St. Boniface Hospital Research’s Communications and Media Services department has been awarded a grant to create a 4-foot by 24-foot landscape mural, depicting Manitoba agriculture morphing into a Winnipeg skyline, all out of pulses. The mural is intended to increase awareness of the nutritional properties of pulses, a research interest of the Canadian Centre for Agri-Food Research in Health and Medicine. The artwork will be unveiled at the 10th Canadian Pulse Research Workshop at the Delta Hotel in Winnipeg, MB, on October 26th.

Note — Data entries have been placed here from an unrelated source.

lemma mono_distinct_has_color_of_eq:
  assumes "mono_distinct c Fs" "F \<in> set Fs" "has_color_of c Z F" "has_color_of c Z' F"
  shows "c Z = c Z'"
  using assms unfolding mono_distinct_def has_color_of_def by metis

lemma not_rainbow_B2_if_zoned:
  assumes mono: "mono_distinct c [F1, F2, F3, F4]"
    and zoned: "\<And>Z. Z \<in> BL n \<Longrightarrow>
      has_color_of c Z F1 \<and> P1 Z \<or> has_color_of c Z F2 \<and> P2 Z \<or>
      has_color_of c Z F3 \<and> P3 Z \<or> has_color_of c Z F4 \<and> P4 Z"
    and excluded: "\<And>W1 W2 W3 W4 A1 A2 A3 A4. induced_B2 W1 W2 W3 W4 \<Longrightarrow>
      distinct [A1, A2, A3, A4] \<Longrightarrow> {A1, A2, A3, A4} \<subseteq> {W1, W2, W3, W4} \<Longrightarrow>
      P1 A1 \<Longrightarrow> P2 A2 \<Longrightarrow> P3 A3 \<Longrightarrow> P4 A4 \<Longrightarrow> False"
  shows "\<not> rainbow_B2 n c"
proof
  assume "rainbow_B2 n c"
  then obtain W1 W2 W3 W4 where "W4 \<subseteq> {1..n}" and B2: "induced_B2 W1 W2 W3 W4"
    and rainbow: "distinct [c W1, c W2, c W3, c W4]"
    unfolding rainbow_B2_iff by blast
  define Ws where "Ws = [W1, W2, W3, W4]"
  define Fs where "Fs = [F1, F2, F3, F4]"
  define Ps where "Ps = [P1, P2, P3, P4]"
  have "length Ws = 4"
    by (simp add: Ws_def)
  have "\<forall>j<4. \<exists>i<4. has_color_of c (Ws ! j) (Fs ! i) \<and> (Ps ! i) (Ws ! j)"
  proof (intro allI impI)
    fix j :: nat assume "j < 4"
    moreover have "set Ws \<subseteq> BL n"
      using \<open>W4 \<subseteq> {1..n}\<close> B2 by (auto simp: Ws_def BL_def induced_B2_def)
    ultimately have "Ws ! j \<in> BL n"
      using nth_mem[of j Ws] by (auto simp: Ws_def)
    from zoned[OF this] show "\<exists>i<4. has_color_of c (Ws ! j) (Fs ! i) \<and> (Ps ! i) (Ws ! j)"
      unfolding ex_less_4 Fs_def Ps_def by simp
  qed
  then obtain idx where idx: "\<And>j. j < 4 \<Longrightarrow>
      idx j < 4 \<and> has_color_of c (Ws ! j) (Fs ! idx j) \<and> (Ps ! idx j) (Ws ! j)"
    by metis
  have "inj_on idx {..<4}"
  proof (rule inj_onI)
    fix j k assume "j \<in> {..<4}" "k \<in> {..<4}" "idx j = idx k"
    then have "Fs ! idx j \<in> set Fs" "has_color_of c (Ws ! j) (Fs ! idx j)"
      "has_color_of c (Ws ! k) (Fs ! idx j)"
      using idx[of j] idx[of k] nth_mem[of "idx j" Fs] by (auto simp: Fs_def)
    then have "c (Ws ! j) = c (Ws ! k)"
      by (intro mono_distinct_has_color_of_eq[OF mono[folded Fs_def]])
    then have "map c Ws ! j = map c Ws ! k"
      using \<open>j \<in> {..<4}\<close> \<open>k \<in> {..<4}\<close> \<open>length Ws = 4\<close> by simp
    with rainbow \<open>j \<in> {..<4}\<close> \<open>k \<in> {..<4}\<close> show "j = k"
      by (simp add: nth_eq_iff_index_eq Ws_def)
  qed
  then have "idx ` {..<4} = {..<4}"
    using idx by (intro endo_inj_surj) auto
  then have "\<forall>i<4. \<exists>j<4. idx j = i"
    by (metis imageE lessThan_iff)
  then obtain \<sigma> where \<sigma>: "\<And>i. i < 4 \<Longrightarrow> \<sigma> i < 4 \<and> idx (\<sigma> i) = i"
    by metis
  define A where "A i = Ws ! \<sigma> i" for i
  have "distinct Ws"
    using induced_B2_distinct[OF B2] by (simp add: Ws_def)
  have A_in: "A i \<in> set Ws" if "i < 4" for i
    using \<sigma>[OF that] \<open>length Ws = 4\<close> by (simp add: A_def)
  have A_inj: "i = j" if "A i = A j" "i < 4" "j < 4" for i j
  proof -
    have "\<sigma> i = \<sigma> j"
      using that \<sigma> nth_eq_iff_index_eq[OF \<open>distinct Ws\<close>] \<open>length Ws = 4\<close>
      by (simp add: A_def)
    then show "i = j"
      using \<sigma> that by metis
  qed
  have A_distinct: "distinct [A 0, A 1, A 2, A 3]"
    using A_inj[of 0 1] A_inj[of 0 2] A_inj[of 0 3] A_inj[of 1 2] A_inj[of 1 3] A_inj[of 2 3]
    by auto
  have A_set: "{A 0, A 1, A 2, A 3} \<subseteq> {W1, W2, W3, W4}"
    using A_in[of 0] A_in[of 1] A_in[of 2] A_in[of 3] by (simp add: Ws_def)
  have zones: "(Ps ! i) (A i)" if "i < 4" for i
    using idx[of "\<sigma> i"] \<sigma>[OF that] by (simp add: A_def)
  show False
    using excluded[OF B2 A_distinct A_set] zones[of 0] zones[of 1] zones[of 2] zones[of 3]
    by (simp add: Ps_def)
qed

lemma mono_distinct_4I:
  assumes "\<forall>Z \<in> F1. c Z = k1" "\<forall>Z \<in> F2. c Z = k2" "\<forall>Z \<in> F3. c Z = k3" "\<forall>Z \<in> F4. c Z = k4"
    and "distinct [k1, k2, k3, k4]"
  shows "mono_distinct c [F1, F2, F3, F4]"
proof -
  have colour: "\<forall>Z \<in> [F1, F2, F3, F4] ! i. c Z = [k1, k2, k3, k4] ! i" if "i < 4" for i
    using that assms(1-4) by (auto simp: numeral_eq_Suc less_Suc_eq One_nat_def)
  show ?thesis
    unfolding mono_distinct_def
  proof (intro conjI allI impI ballI)
    fix F A B assume "F \<in> set [F1, F2, F3, F4]" "A \<in> F" "B \<in> F"
    then show "c A = c B"
      using assms(1-4) by auto
  next
    fix i j A B assume "i < length [F1, F2, F3, F4]" "j < length [F1, F2, F3, F4]" "i \<noteq> j"
      "A \<in> [F1, F2, F3, F4] ! i" "B \<in> [F1, F2, F3, F4] ! j"
    then show "c A \<noteq> c B"
      using colour[of i] colour[of j] nth_eq_iff_index_eq[OF assms(5), of i j] by auto
  qed
qed

lemma ex_incomparable_in_open_interval:
  assumes "u \<subset> A" "A \<subset> B" "B \<subset> s"
  obtains W where "u \<subset> W" "W \<subset> s" "\<not> W \<subseteq> A" "\<not> A \<subseteq> W" "\<not> W \<subseteq> B" "\<not> B \<subseteq> W"
proof -
  obtain d e f where "d \<in> A - u" "e \<in> B - A" "f \<in> s - B"
    using assms by blast
  then show ?thesis
    using assms by (intro that[of "s - {d}"]) auto
qed

lemma open_interval_spread:
  assumes G: "u \<subset> G" "G \<subset> s" "P G"
    and step: "\<And>W W'. u \<subset> W \<Longrightarrow> W \<subset> s \<Longrightarrow> u \<subset> W' \<Longrightarrow> W' \<subset> s \<Longrightarrow>
      \<not> W \<subseteq> W' \<Longrightarrow> \<not> W' \<subseteq> W \<Longrightarrow> P W \<Longrightarrow> P W'"
    and Z: "u \<subset> Z" "Z \<subset> s"
  shows "P Z"
proof (cases "Z \<subset> G \<or> G \<subset> Z")
  case True
  obtain W where "u \<subset> W" "W \<subset> s" "\<not> W \<subseteq> G" "\<not> G \<subseteq> W" "\<not> W \<subseteq> Z" "\<not> Z \<subseteq> W"
    using True G Z ex_incomparable_in_open_interval by metis
  then show ?thesis
    using step[of G W] step[of W Z] G Z by blast
next
  case False
  then show ?thesis
    using step[of G Z] G Z by (cases "Z = G") auto
qed

lemma comparable_with_open_interval:
  assumes "q1 \<subset> p" "p \<subset> q2"
    and comparable: "\<And>W. q1 \<subset> W \<Longrightarrow> W \<subset> q2 \<Longrightarrow> W \<subseteq> q \<or> q \<subseteq> W"
  shows "q \<subseteq> q1 \<or> q2 \<subseteq> q"
proof (rule ccontr)
  assume "\<not> (q \<subseteq> q1 \<or> q2 \<subseteq> q)"
  then obtain k j where k: "k \<in> q" "k \<notin> q1" and j: "j \<in> q2" "j \<notin> q"
    by blast
  obtain d1 d2 where "d1 \<in> p - q1" "d2 \<in> q2 - p"
    using assms(1,2) by blast
  consider "j \<notin> q1" | "j \<in> q1" "k \<in> q2" | "j \<in> q1" "k \<notin> q2"
    by blast
  then show False
  proof cases
    case 1
    then show False
      using comparable[of "insert j q1"] assms(1,2) k j \<open>d1 \<in> p - q1\<close> \<open>d2 \<in> q2 - p\<close> by auto
  next
    case 2
    then show False
      using comparable[of "q2 - {k}"] assms(1,2) k j \<open>d1 \<in> p - q1\<close> \<open>d2 \<in> q2 - p\<close> by auto
  next
    case 3
    then show False
      using comparable[of p] assms(1,2) k j by auto
  qed
qed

“We are very grateful to the Manitoba Pulse and Soybean Growers of Manitoba for their generous grant,” says Bill Peters, Manager of Communications & Media Services at St. Boniface Hospital Research. “We are building on the promotional success we have experienced over the past few years with other bean art projects, and this is the biggest one by far at almost 100 square feet.” Peters adds, “The science performed by CCARM is extraordinary, and drawing attention and support to their work is tremendously rewarding.”
About MPSG
The Manitoba Pulse & Soybean Growers is a non-profit, member-based corporation representing more than 3,500 farmers in Manitoba who grow pulses, including edible beans, peas, lentils, chickpeas, faba beans, and soybeans. MPSG provides Manitoba pulse grower members with production knowledge and market development support, through focused research, advocacy, and linkages with industry partners.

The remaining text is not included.